**INSTRUCTIONS TO FOLLOW:** Of the entries below, return only those lines from the line with "(* Let $\beta,\delta\in(0,1)$, $K>0$, and" to the line with "p \<in> D \<and> F p = 0 \<and>", exactly, both included.
-------
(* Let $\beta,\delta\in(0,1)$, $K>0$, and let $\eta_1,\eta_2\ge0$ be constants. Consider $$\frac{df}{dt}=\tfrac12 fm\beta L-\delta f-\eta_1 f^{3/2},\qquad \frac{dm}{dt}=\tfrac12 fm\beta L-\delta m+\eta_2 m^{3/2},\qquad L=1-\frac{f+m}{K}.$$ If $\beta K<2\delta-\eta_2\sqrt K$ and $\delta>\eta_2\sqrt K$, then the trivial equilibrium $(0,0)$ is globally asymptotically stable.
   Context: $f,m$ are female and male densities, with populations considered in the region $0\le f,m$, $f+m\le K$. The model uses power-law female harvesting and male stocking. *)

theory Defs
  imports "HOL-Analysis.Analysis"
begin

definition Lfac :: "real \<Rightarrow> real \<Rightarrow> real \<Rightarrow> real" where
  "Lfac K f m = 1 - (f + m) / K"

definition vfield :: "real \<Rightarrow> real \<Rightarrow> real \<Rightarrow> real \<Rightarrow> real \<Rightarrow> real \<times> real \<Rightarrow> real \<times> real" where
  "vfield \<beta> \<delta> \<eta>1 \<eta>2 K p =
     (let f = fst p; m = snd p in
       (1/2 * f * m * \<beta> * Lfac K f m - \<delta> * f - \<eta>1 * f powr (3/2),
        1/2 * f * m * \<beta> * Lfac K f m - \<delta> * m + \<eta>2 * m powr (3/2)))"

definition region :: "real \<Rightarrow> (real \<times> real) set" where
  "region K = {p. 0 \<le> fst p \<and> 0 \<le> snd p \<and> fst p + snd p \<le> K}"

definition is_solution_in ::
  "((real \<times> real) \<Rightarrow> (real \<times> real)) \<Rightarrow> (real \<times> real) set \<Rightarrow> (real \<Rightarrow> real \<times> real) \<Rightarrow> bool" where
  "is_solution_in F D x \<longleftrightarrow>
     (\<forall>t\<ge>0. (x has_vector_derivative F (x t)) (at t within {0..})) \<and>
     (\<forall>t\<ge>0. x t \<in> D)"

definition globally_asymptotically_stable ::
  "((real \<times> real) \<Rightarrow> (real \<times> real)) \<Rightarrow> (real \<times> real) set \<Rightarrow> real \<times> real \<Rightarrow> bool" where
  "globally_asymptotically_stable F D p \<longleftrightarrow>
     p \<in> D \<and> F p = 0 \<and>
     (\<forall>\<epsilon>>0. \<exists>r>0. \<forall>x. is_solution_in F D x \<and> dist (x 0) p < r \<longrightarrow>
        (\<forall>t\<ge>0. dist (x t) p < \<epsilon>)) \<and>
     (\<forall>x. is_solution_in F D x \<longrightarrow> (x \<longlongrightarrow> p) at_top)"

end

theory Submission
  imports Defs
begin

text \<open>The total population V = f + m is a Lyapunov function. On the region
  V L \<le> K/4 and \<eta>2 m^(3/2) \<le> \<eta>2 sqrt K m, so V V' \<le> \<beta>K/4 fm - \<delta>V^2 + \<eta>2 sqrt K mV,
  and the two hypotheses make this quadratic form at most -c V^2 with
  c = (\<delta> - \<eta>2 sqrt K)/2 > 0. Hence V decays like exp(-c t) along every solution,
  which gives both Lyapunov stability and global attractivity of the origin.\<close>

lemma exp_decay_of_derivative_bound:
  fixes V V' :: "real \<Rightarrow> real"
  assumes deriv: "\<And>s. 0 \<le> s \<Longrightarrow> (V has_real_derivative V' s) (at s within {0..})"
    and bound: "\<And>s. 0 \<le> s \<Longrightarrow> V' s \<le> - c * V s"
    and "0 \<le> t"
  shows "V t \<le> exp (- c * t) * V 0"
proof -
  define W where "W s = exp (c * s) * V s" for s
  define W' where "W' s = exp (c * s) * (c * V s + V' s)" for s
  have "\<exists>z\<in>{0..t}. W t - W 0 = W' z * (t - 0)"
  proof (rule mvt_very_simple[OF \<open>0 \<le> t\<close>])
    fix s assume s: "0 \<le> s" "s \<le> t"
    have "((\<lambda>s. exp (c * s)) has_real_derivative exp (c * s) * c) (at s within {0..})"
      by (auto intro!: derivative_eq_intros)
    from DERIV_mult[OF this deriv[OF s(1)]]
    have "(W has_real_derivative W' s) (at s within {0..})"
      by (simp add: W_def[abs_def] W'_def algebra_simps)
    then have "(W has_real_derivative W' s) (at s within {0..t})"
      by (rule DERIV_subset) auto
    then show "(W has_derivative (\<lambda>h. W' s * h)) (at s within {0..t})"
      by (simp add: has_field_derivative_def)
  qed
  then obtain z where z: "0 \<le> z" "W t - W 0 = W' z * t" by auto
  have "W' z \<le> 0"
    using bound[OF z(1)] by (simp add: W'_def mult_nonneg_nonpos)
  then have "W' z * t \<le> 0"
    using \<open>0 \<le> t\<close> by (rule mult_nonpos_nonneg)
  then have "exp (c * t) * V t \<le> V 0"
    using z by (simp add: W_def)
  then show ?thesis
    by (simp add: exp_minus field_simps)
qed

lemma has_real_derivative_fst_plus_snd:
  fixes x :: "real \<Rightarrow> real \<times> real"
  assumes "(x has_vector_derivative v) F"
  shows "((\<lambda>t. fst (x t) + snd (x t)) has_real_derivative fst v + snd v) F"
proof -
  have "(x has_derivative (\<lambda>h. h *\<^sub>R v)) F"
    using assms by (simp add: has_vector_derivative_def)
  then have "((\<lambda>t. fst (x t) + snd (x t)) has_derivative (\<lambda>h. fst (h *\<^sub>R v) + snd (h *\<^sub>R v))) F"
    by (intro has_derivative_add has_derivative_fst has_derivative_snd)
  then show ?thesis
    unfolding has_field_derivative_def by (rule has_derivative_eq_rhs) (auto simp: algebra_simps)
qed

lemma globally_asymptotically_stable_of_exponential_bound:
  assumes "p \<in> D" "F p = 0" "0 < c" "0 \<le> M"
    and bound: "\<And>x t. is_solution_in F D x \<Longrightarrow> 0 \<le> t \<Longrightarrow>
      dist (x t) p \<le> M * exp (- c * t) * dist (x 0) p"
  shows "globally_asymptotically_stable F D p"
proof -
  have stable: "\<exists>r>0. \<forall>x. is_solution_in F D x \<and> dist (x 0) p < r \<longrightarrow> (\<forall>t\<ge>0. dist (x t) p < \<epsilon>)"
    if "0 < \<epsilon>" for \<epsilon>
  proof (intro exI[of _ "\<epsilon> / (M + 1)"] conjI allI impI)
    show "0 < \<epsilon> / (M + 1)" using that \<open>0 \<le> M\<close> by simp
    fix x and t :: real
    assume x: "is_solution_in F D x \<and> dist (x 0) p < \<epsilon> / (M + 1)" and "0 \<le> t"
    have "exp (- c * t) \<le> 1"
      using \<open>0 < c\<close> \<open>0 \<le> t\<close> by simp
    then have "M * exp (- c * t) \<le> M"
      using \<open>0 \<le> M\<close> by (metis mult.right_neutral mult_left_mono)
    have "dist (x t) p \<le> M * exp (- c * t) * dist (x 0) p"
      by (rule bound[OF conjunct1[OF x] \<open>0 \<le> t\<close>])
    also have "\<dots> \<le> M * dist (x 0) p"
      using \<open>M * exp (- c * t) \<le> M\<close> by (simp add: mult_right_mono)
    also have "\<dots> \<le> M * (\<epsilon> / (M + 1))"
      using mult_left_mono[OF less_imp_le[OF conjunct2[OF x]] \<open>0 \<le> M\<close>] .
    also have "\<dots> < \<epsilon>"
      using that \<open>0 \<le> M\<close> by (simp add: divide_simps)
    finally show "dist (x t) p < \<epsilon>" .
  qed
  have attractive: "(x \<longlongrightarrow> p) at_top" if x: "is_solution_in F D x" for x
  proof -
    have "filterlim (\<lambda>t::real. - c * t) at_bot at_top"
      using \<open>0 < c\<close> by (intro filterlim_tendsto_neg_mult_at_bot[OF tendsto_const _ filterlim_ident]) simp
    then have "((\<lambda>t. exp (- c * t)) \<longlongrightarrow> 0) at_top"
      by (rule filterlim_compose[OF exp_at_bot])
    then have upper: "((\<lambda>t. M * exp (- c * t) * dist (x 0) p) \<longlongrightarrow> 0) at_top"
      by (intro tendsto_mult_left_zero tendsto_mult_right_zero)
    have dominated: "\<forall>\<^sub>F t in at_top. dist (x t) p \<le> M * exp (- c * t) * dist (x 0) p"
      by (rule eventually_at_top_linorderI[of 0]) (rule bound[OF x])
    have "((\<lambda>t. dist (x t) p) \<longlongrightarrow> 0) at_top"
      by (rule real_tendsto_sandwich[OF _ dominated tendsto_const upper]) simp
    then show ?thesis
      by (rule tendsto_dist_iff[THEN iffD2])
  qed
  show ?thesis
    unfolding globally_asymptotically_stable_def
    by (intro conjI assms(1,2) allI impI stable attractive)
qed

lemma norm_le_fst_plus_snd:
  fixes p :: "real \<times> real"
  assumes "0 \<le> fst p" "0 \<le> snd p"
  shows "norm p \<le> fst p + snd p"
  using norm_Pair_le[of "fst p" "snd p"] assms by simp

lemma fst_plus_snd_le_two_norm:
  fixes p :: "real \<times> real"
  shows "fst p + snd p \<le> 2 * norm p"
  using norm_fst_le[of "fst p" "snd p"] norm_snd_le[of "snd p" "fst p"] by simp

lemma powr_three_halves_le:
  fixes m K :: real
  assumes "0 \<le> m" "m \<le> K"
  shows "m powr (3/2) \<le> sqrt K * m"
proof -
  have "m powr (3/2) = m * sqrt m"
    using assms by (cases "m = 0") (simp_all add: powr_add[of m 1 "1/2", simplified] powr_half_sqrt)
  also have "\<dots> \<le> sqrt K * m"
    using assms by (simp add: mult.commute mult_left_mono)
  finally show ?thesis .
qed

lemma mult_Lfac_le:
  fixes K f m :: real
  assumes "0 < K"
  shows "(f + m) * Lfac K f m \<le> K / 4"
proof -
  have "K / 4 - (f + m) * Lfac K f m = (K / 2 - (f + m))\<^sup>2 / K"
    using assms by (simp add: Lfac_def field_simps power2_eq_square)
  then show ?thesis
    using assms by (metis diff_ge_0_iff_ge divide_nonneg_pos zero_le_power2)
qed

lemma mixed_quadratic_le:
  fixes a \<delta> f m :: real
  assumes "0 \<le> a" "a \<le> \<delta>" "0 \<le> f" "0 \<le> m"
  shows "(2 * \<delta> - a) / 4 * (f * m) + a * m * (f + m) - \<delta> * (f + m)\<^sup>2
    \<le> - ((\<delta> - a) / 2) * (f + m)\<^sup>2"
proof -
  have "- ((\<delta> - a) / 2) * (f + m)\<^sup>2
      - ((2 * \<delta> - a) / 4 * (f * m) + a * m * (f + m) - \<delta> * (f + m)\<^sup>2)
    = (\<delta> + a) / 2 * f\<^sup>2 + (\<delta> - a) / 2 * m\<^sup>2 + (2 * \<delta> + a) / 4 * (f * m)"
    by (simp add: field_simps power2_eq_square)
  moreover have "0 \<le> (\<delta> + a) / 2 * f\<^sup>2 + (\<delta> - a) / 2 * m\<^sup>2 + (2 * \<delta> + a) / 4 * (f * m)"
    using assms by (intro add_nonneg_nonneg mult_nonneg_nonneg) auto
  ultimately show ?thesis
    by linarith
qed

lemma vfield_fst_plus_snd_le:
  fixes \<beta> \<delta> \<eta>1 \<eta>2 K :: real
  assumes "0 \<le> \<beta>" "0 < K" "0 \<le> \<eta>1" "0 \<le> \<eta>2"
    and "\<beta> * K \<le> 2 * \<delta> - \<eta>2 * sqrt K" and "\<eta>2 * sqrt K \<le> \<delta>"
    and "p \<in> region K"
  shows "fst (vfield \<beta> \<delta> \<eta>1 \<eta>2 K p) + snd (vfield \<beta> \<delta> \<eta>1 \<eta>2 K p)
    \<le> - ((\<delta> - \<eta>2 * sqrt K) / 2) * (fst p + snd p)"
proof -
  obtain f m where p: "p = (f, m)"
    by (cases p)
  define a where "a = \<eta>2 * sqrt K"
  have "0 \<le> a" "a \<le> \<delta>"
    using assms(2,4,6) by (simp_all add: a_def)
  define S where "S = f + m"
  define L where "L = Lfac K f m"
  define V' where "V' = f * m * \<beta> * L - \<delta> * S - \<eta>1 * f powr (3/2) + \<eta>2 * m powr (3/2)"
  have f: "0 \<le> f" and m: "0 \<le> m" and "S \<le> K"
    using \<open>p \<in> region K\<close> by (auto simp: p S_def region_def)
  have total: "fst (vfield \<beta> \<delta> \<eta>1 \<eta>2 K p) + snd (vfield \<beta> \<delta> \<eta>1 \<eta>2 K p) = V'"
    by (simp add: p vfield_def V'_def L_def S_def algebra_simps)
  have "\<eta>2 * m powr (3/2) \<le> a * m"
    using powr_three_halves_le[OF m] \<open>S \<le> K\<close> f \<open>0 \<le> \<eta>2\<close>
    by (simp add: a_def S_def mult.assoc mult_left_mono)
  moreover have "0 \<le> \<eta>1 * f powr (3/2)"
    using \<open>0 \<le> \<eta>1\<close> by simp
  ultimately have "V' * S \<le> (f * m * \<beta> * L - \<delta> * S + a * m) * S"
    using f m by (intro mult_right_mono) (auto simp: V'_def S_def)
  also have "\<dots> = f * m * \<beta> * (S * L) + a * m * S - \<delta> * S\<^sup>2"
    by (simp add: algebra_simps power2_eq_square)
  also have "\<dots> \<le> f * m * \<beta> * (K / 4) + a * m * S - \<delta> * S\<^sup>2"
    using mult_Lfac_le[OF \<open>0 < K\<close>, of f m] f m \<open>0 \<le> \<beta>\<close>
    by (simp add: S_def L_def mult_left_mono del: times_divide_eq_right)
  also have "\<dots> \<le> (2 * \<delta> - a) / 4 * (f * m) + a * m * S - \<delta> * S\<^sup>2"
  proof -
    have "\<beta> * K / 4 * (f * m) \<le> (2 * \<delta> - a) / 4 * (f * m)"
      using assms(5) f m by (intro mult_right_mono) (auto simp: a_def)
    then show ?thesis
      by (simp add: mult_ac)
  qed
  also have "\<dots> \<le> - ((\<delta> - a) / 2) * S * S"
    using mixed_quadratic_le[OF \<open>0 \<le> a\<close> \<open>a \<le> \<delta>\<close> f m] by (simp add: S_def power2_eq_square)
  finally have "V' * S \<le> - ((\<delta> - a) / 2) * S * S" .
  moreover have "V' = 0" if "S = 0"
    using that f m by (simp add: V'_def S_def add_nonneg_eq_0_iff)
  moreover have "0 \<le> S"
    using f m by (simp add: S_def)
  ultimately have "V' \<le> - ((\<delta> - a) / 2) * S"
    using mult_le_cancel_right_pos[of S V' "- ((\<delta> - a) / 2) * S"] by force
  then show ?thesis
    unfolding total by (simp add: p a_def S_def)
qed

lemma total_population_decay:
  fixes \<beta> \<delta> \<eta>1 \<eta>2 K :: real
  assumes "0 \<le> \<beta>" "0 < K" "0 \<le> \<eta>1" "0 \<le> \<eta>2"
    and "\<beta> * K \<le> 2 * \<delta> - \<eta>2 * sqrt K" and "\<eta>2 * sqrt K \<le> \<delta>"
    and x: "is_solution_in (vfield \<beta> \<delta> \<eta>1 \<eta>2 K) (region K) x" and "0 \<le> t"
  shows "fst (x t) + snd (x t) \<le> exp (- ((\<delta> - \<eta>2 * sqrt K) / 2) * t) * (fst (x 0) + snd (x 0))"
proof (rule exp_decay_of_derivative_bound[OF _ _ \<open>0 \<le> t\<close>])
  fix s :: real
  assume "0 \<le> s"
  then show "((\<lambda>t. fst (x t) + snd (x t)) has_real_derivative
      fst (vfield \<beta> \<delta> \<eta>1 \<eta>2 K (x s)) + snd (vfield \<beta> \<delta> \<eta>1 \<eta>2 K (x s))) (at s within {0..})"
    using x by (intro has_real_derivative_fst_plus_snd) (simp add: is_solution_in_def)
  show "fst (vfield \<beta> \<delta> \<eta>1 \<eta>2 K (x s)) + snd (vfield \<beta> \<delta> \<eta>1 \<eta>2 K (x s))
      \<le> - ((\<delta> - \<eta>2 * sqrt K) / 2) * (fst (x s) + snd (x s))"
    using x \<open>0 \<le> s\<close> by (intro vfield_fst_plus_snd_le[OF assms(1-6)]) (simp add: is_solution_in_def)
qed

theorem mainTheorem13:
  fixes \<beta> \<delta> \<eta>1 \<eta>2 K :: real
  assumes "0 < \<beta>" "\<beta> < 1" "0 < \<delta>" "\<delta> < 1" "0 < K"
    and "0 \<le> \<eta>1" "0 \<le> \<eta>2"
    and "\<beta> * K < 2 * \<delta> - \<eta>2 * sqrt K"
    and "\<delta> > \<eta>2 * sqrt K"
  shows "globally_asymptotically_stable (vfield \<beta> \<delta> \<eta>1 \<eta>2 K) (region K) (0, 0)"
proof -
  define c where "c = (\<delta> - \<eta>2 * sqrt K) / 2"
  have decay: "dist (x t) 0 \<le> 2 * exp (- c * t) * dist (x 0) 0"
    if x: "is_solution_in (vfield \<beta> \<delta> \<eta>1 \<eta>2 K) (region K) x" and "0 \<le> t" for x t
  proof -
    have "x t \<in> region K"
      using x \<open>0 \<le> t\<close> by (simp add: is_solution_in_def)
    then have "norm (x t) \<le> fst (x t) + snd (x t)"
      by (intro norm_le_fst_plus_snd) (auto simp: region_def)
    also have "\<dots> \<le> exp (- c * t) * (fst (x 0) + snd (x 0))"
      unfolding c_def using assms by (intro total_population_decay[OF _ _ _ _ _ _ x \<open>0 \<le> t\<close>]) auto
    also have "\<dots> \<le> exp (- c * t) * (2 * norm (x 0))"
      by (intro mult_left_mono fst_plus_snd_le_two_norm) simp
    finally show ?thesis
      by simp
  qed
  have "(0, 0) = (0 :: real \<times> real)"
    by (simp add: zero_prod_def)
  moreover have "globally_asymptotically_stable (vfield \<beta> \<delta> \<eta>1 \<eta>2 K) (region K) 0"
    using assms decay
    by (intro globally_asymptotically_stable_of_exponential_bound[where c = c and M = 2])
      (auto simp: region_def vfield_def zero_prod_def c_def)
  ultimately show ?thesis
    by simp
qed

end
-------
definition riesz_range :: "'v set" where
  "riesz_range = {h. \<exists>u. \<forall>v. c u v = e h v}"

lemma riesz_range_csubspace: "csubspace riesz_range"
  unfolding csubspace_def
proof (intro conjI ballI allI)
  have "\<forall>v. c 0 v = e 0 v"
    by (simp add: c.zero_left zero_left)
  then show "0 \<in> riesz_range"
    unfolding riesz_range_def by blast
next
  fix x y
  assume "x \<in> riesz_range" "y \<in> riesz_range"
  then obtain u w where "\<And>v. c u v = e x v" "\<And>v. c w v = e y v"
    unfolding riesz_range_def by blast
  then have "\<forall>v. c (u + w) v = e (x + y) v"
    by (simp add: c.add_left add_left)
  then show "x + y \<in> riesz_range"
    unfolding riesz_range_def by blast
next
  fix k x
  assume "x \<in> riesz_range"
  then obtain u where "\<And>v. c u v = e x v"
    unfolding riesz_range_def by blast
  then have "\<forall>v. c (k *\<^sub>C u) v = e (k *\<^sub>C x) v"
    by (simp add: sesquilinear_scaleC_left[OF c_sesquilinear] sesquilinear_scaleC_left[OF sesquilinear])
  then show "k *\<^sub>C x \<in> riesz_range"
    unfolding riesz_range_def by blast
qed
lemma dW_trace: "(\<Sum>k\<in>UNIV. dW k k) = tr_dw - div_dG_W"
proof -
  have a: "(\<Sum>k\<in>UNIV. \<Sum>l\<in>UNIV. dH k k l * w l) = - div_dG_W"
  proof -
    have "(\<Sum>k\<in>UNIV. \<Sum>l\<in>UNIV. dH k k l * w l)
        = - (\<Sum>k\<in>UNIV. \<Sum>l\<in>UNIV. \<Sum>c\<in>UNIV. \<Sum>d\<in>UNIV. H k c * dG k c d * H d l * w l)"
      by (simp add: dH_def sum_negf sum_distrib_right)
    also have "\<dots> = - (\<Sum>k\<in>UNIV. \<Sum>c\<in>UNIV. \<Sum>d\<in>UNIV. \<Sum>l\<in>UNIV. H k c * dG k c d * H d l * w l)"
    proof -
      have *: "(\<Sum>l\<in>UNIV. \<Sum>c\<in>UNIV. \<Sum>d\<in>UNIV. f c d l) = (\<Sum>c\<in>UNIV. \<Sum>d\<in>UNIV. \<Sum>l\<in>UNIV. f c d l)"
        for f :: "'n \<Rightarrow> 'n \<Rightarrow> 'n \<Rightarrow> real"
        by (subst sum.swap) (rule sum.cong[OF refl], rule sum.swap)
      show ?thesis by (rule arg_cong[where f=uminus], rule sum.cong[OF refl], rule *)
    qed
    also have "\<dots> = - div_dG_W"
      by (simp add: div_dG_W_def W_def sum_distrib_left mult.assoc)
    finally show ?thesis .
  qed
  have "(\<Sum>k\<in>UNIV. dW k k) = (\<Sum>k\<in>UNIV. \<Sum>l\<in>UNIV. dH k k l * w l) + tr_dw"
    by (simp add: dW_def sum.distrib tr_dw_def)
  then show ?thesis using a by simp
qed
-------
**SOLUTION FOR THIS EXERCISE:**
(* Let $\beta,\delta\in(0,1)$, $K>0$, and let $\eta_1,\eta_2\ge0$ be constants. Consider $$\frac{df}{dt}=\tfrac12 fm\beta L-\delta f-\eta_1 f^{3/2},\qquad \frac{dm}{dt}=\tfrac12 fm\beta L-\delta m+\eta_2 m^{3/2},\qquad L=1-\frac{f+m}{K}.$$ If $\beta K<2\delta-\eta_2\sqrt K$ and $\delta>\eta_2\sqrt K$, then the trivial equilibrium $(0,0)$ is globally asymptotically stable.
   Context: $f,m$ are female and male densities, with populations considered in the region $0\le f,m$, $f+m\le K$. The model uses power-law female harvesting and male stocking. *)

theory Defs
  imports "HOL-Analysis.Analysis"
begin

definition Lfac :: "real \<Rightarrow> real \<Rightarrow> real \<Rightarrow> real" where
  "Lfac K f m = 1 - (f + m) / K"

definition vfield :: "real \<Rightarrow> real \<Rightarrow> real \<Rightarrow> real \<Rightarrow> real \<Rightarrow> real \<times> real \<Rightarrow> real \<times> real" where
  "vfield \<beta> \<delta> \<eta>1 \<eta>2 K p =
     (let f = fst p; m = snd p in
       (1/2 * f * m * \<beta> * Lfac K f m - \<delta> * f - \<eta>1 * f powr (3/2),
        1/2 * f * m * \<beta> * Lfac K f m - \<delta> * m + \<eta>2 * m powr (3/2)))"

definition region :: "real \<Rightarrow> (real \<times> real) set" where
  "region K = {p. 0 \<le> fst p \<and> 0 \<le> snd p \<and> fst p + snd p \<le> K}"

definition is_solution_in ::
  "((real \<times> real) \<Rightarrow> (real \<times> real)) \<Rightarrow> (real \<times> real) set \<Rightarrow> (real \<Rightarrow> real \<times> real) \<Rightarrow> bool" where
  "is_solution_in F D x \<longleftrightarrow>
     (\<forall>t\<ge>0. (x has_vector_derivative F (x t)) (at t within {0..})) \<and>
     (\<forall>t\<ge>0. x t \<in> D)"

definition globally_asymptotically_stable ::
  "((real \<times> real) \<Rightarrow> (real \<times> real)) \<Rightarrow> (real \<times> real) set \<Rightarrow> real \<times> real \<Rightarrow> bool" where
  "globally_asymptotically_stable F D p \<longleftrightarrow>
     p \<in> D \<and> F p = 0 \<and>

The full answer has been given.